Dimension Reduction and Alleviation of Confounding for Spatial Generalized Linear Mixed Models
John Hughes, Murali Haran

TL;DR
This paper introduces a new parameterization for spatial generalized linear mixed models that reduces confounding and computational complexity, improving inference for non-Gaussian spatial data like disease counts and ecological binary data.
Contribution
The authors propose a novel parameterization of SGLMMs that alleviates spatial confounding and reduces the dimension of spatial random effects, enhancing interpretability and computational efficiency.
Findings
Effective in simulated binary, count, and Gaussian datasets
Improves inference accuracy by reducing confounding effects
Speeds up computation for large spatial datasets
Abstract
Non-gaussian spatial data are very common in many disciplines.

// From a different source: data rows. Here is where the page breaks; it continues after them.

(* Let $k=2\kappa+1$ with $\kappa\in\{0,1,2,\dots\}$, and let $$\psi(x)=\frac{1}{k!}\,\frac{1}{x(1-x)}\,\frac{d^{k-1}}{dx^{k-1}}\Big[x^{k+1}(1-x)^k\Big],\qquad x\in[0,1]$$ (a polynomial of degree $k$). Then (i) $\int_0^1\psi(x)^2\,dx=\frac{1}{k(k+2)}$; (ii) $\int_0^1\psi(x)\psi(1-x)\,dx=\frac{1}{k(k+1)(k+2)}$; (iii) $\int_0^1 x^j\psi(x)\,dx=\frac{1}{k(k+2)}$ for $j=1,2,\dots,k$; (iv) $\int_0^1\psi(x)\,dx=\frac{1}{k(k+1)}$; (v) $\int_0^1(1-x)^j\psi(x)\,dx=\frac{1}{k(k+1)(k+2)}$ for $j=1,2,\dots,k$; (vi) $\psi'(0)=\frac{k+1}{2}$ and $\psi'(1)=\frac{k^2+2k-1}{2}$; (vii) $\int_0^1\psi'(x)\psi(1-x)\,dx=\frac{1}{k+1}$.
   Context: The expression defining $\psi$ is understood as the polynomial obtained after cancelling the factor $x(1-x)$ (for $k=1$ this gives $\psi(x)=x$). *)

theory Defs
  imports "HOL-Analysis.Analysis" "HOL-Computational_Algebra.Polynomial"
begin

definition base_poly :: "nat \<Rightarrow> real poly" where
  "base_poly k = [:0, 1:] ^ (k + 1) * [:1, -1:] ^ k"

text \<open>psi = (1/k!) * (d/dx)^(k-1) [x^(k+1) (1-x)^k] / (x(1-x)),
  the quotient taken as polynomial division (which is exact).\<close>
definition psi_poly :: "nat \<Rightarrow> real poly" where
  "psi_poly k = smult (1 / fact k)
     (((pderiv ^^ (k - 1)) (base_poly k)) div ([:0, 1:] * [:1, -1:]))"

end

theory Submission
  imports Defs
begin

(* Let B = x^(k+1) (1-x)^k and D = B^(k-1) = k! x (1-x) psi. For i < k the derivative B^(i)
   vanishes at 0 and 1, so k-1 integrations by parts make D orthogonal to every polynomial of
   degree at most k-2. Splitting q = q(0) (1-x) + q(1) x + x (1-x) r, the integral of q psi over
   [0,1] is therefore q(0) a + q(1) b for every q of degree at most k, where a and b are the
   integrals of (1-x) psi and x psi; all seven claims are instances of this formula, (vii) after
   one more integration by parts.
   The constants a, b and the endpoint data psi(0), psi(1), psi'(0), psi'(1) come from the
   cofactors P_i = B^(i) / x^(k-i) and Q_i = B^(i) / (1-x)^(k-i), which obey
   P_(i+1) = (k-i) P_i + x P_i' and Q_(i+1) = -(k-i) Q_i + (1-x) Q_i'. Hence their integrals and
   their (derivatives') values at the root of the removed factor satisfy first-order recurrences
   with factorial closed forms, and at i = k-1 they are k! (1-x) psi and k! x psi. *)

definition int01 :: "real poly \<Rightarrow> real" where
  "int01 p = integral {0..1} (poly p)"

lemma integral_eq_int01: "(\<And>x. g x = poly p x) \<Longrightarrow> integral {0..1} g = int01 p"
  unfolding int01_def by (metis ext)

lemma poly_integrable_01: "poly p integrable_on {0..1::real}"
  by (intro integrable_continuous_interval continuous_intros)

lemma int01_add: "int01 (p + q) = int01 p + int01 q"
  unfolding int01_def poly_add by (rule integral_add[OF poly_integrable_01 poly_integrable_01])

lemma int01_diff: "int01 (p - q) = int01 p - int01 q"
  unfolding int01_def poly_diff by (rule integral_diff[OF poly_integrable_01 poly_integrable_01])

lemma int01_smult: "int01 (smult c p) = c * int01 p"
  unfolding int01_def poly_smult by (rule integral_mult_right)

lemma int01_minus: "int01 (- p) = - int01 p"
  unfolding int01_def poly_minus by (rule integral_neg)

lemma int01_0 [simp]: "int01 0 = 0"
  using int01_smult[of 0 0] by simp

lemma int01_pderiv: "int01 (pderiv p) = poly p 1 - poly p 0"
proof -
  have "(poly (pderiv p) has_integral poly p 1 - poly p 0) {0..1::real}"
    by (intro fundamental_theorem_of_calculus)
       (auto intro!: DERIV_subset[OF poly_DERIV]
             simp: has_real_derivative_iff_has_vector_derivative[symmetric])
  then show ?thesis unfolding int01_def by (rule integral_unique)
qed

lemma int01_by_parts:
  "int01 (p * pderiv q) = poly (p * q) 1 - poly (p * q) 0 - int01 (pderiv p * q)"
  using int01_pderiv[of "p * q"] by (simp add: pderiv_mult int01_add algebra_simps)

lemma higher_pderiv_eq_0: "degree p < n \<Longrightarrow> (pderiv ^^ n) p = 0"
  by (intro poly_eqI) (simp add: coeff_higher_pderiv coeff_eq_0)

lemma int01_mult_higher_pderiv:
  assumes "\<And>j. j < n \<Longrightarrow> poly ((pderiv ^^ j) f) 0 = 0 \<and> poly ((pderiv ^^ j) f) 1 = 0"
  shows "int01 (p * (pderiv ^^ n) f) = (-1) ^ n * int01 ((pderiv ^^ n) p * f)"
  using assms
proof (induction n arbitrary: p)
  case 0
  then show ?case by simp
next
  case (Suc n)
  have "int01 (p * (pderiv ^^ Suc n) f) = - int01 (pderiv p * (pderiv ^^ n) f)"
    using int01_by_parts[of p "(pderiv ^^ n) f"] Suc.prems[of n] by simp
  also have "\<dots> = (-1) ^ Suc n * int01 ((pderiv ^^ Suc n) p * f)"
    using Suc by (simp add: funpow_Suc_right del: funpow.simps)
  finally show ?case .
qed

lemma int01_mult_higher_pderiv_eq_0:
  assumes "degree p < n"
    and "\<And>j. j < n \<Longrightarrow> poly ((pderiv ^^ j) f) 0 = 0 \<and> poly ((pderiv ^^ j) f) 1 = 0"
  shows "int01 (p * (pderiv ^^ n) f) = 0"
  using int01_mult_higher_pderiv[OF assms(2)] higher_pderiv_eq_0[OF assms(1)] by simp

lemma fact_recurrence:
  fixes f :: "nat \<Rightarrow> real"
  assumes "n \<le> N" and "\<And>i. i < n \<Longrightarrow> f (Suc i) = c * real (N - i) * f i"
  shows "f n * fact (N - n) = c ^ n * fact N * f 0"
  using assms
proof (induction n)
  case 0
  then show ?case by simp
next
  case (Suc n)
  have "N - n = Suc (N - Suc n)" using Suc.prems(1) by simp
  then have "f (Suc n) * fact (N - Suc n) = c * (f n * fact (N - n))"
    using Suc.prems(2)[of n] by simp
  also have "\<dots> = c ^ Suc n * fact N * f 0"
    using Suc by simp
  finally show ?case .
qed

lemma pderiv_power_Suc_mult:
  "pderiv (l ^ Suc m * s) = l ^ m * (smult (of_nat (Suc m)) (pderiv l * s) + l * pderiv s)"
  by (simp only: pderiv_mult pderiv_power_Suc) (simp add: algebra_simps)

For instance, count data are common in disease mapping, and binary data are common in ecology. When fitting spatial regressions for such data, one needs to account for dependence to ensure reliable inference for the regression coefficients. The spatial generalized linear mixed model (SGLMM) offers a very popular and flexible approach to modeling such data, but the SGLMM suffers from three major shortcomings: (1) uninterpretability of parameters due to spatial confounding, (2) variance inflation due to spatial confounding, and (3) high-dimensional spatial random effects that make fully Bayesian inference for such models computationally challenging. We propose a new parameterization of the SGLMM that alleviates spatial confounding and speeds computation by greatly reducing the dimension of the spatial random effects. We…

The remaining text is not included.